(SOURCE INFORMATION):
lemma antisym_on_cong:
  "(\<And>\<pi>. \<pi> permutes I \<Longrightarrow> f (y \<circ> \<pi>) = g (y \<circ> \<pi>)) \<Longrightarrow> antisym_on I f y = antisym_on I g y"
  unfolding antisym_on_def by (rule sum.cong) auto

lemma antisym_on_mult_invariant:
  assumes "\<And>\<pi>. \<pi> permutes I \<Longrightarrow> g (y \<circ> \<pi>) = g y"
  shows "antisym_on I (\<lambda>z. g z * f z) y = g y * antisym_on I f y"
  unfolding antisym_on_def sum_distrib_left by (rule sum.cong) (simp_all add: assms)

lemma of_int_sign_mult_self [simp]:
  "of_int (sign p) * of_int (sign p) = (1 :: 'a::comm_ring_1)"
  "of_int (sign p) * (of_int (sign p) * a) = (a :: 'a::comm_ring_1)"
  by (simp_all add: mult.assoc[symmetric] of_int_mult[symmetric])

lemma antisym_on_precompose:
  assumes "finite I" "g permutes I"
  shows "antisym_on I (\<lambda>z. f (z \<circ> g)) y = of_int (sign g) * antisym_on I f y"
proof -
  have "antisym_on I f y = (\<Sum>p | p permutes I. of_int (sign (p \<circ> g)) * f (y \<circ> (p \<circ> g)))"
    unfolding antisym_on_def by (rule sum_permutations_compose_right[OF assms(2)])
  also have "\<dots> = of_int (sign g) * antisym_on I (\<lambda>z. f (z \<circ> g)) y"
    unfolding antisym_on_def sum_distrib_left using assms
    by (intro sum.cong refl) (simp add: sign_compose permutes_imp_permutation o_assoc)
  finally show ?thesis by simp
qed

text \<open>Averaging over the permutations of \<open>J\<close>: each of them changes \<open>g * h\<close> only by its sign.\<close>
lemma antisym_on_mult_vanishing:
  fixes g h :: "('i \<Rightarrow> 'a) \<Rightarrow> 'b::{idom,ring_char_0}"
  assumes fin: "finite I" and JI: "J \<subseteq> I"
    and g: "\<And>\<pi> z. \<pi> permutes J \<Longrightarrow> g (z \<circ> \<pi>) = g z"
    and h: "\<And>z. antisym_on J h z = 0"
  shows "antisym_on I (\<lambda>z. g z * h z) y = 0"
proof -
  let ?F = "\<lambda>z. g z * h z"
  have "antisym_on I (\<lambda>z. g z * (of_int (sign p) * h (z \<circ> p))) y = antisym_on I ?F y"
    if p: "p permutes J" for p
  proof -
    have "antisym_on I (\<lambda>z. ?F (z \<circ> p)) y = of_int (sign p) * antisym_on I ?F y"
      by (rule antisym_on_precompose[OF fin permutes_subset[OF p JI]])
    then have "of_int (sign p) * antisym_on I (\<lambda>z. g z * h (z \<circ> p)) y = antisym_on I ?F y"
      using g[OF p] by (simp add: mult.assoc[symmetric])
    then show ?thesis
      by (simp add: antisym_on_cmult[symmetric] mult.left_commute)
  qed
  then have "of_nat (card {p. p permutes J}) * antisym_on I ?F y
      = (\<Sum>p | p permutes J. antisym_on I (\<lambda>z. g z * (of_int (sign p) * h (z \<circ> p))) y)"
    by simp
  also have "\<dots> = antisym_on I (\<lambda>z. g z * antisym_on J h z) y"
    by (simp add: antisym_on_def sum_distrib_left sum.swap[of _ "{p. p permutes J}"])
  also have "\<dots> = 0"
    using h by (simp add: antisym_on_def)
  finally show ?thesis
    using card_permutations[OF refl finite_subset[OF JI fin]] by simp
qed

lemma antisym_on_insert:
  assumes "finite I" "q \<notin> I"
  shows "antisym_on (insert q I) f y =
    (\<Sum>b\<in>insert q I. (if b = q then 1 else -1) * antisym_on I f (y \<circ> Transposition.transpose q b))"
  unfolding antisym_on_def sum_over_permutations_insert[OF assms] sum_distrib_left
proof (intro sum.cong refl)
  fix b p assume "p \<in> {p. p permutes I}"
  then have "permutation p"
    using assms(1) permutes_imp_permutation by blast
  then show "of_int (sign (Transposition.transpose q b \<circ> p)) * f (y \<circ> (Transposition.transpose q b \<circ> p)) =
      (if b = q then 1 else -1) * (of_int (sign p) * f (y \<circ> Transposition.transpose q b \<circ> p))"
    by (simp add: sign_compose permutation_swap_id sign_swap_id o_assoc)
qed

lemma antisym_on_insert_invariant_factor:
  assumes "finite I" "q \<notin> I" and g: "\<And>\<pi> z. \<pi> permutes I \<Longrightarrow> g (z \<circ> \<pi>) = g z"
  shows "antisym_on (insert q I) (\<lambda>z. g z * f z) y =
    (\<Sum>b\<in>insert q I. (if b = q then 1 else -1) * g (y \<circ> Transposition.transpose q b) *
       antisym_on I f (y \<circ> Transposition.transpose q b))"
  unfolding antisym_on_insert[OF assms(1,2)] using g
  by (intro sum.cong refl) (simp add: antisym_on_mult_invariant)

(ACTIVITY): Wherever the string "also" appears in the entries above, return the line it appears on.

(RESPONSE FOR THIS EXERCISE):
  also have "\<dots> = of_int (sign g) * antisym_on I (\<lambda>z. f (z \<circ> g)) y"
  also have "\<dots> = antisym_on I (\<lambda>z. g z * antisym_on J h z) y"
  also have "\<dots> = 0"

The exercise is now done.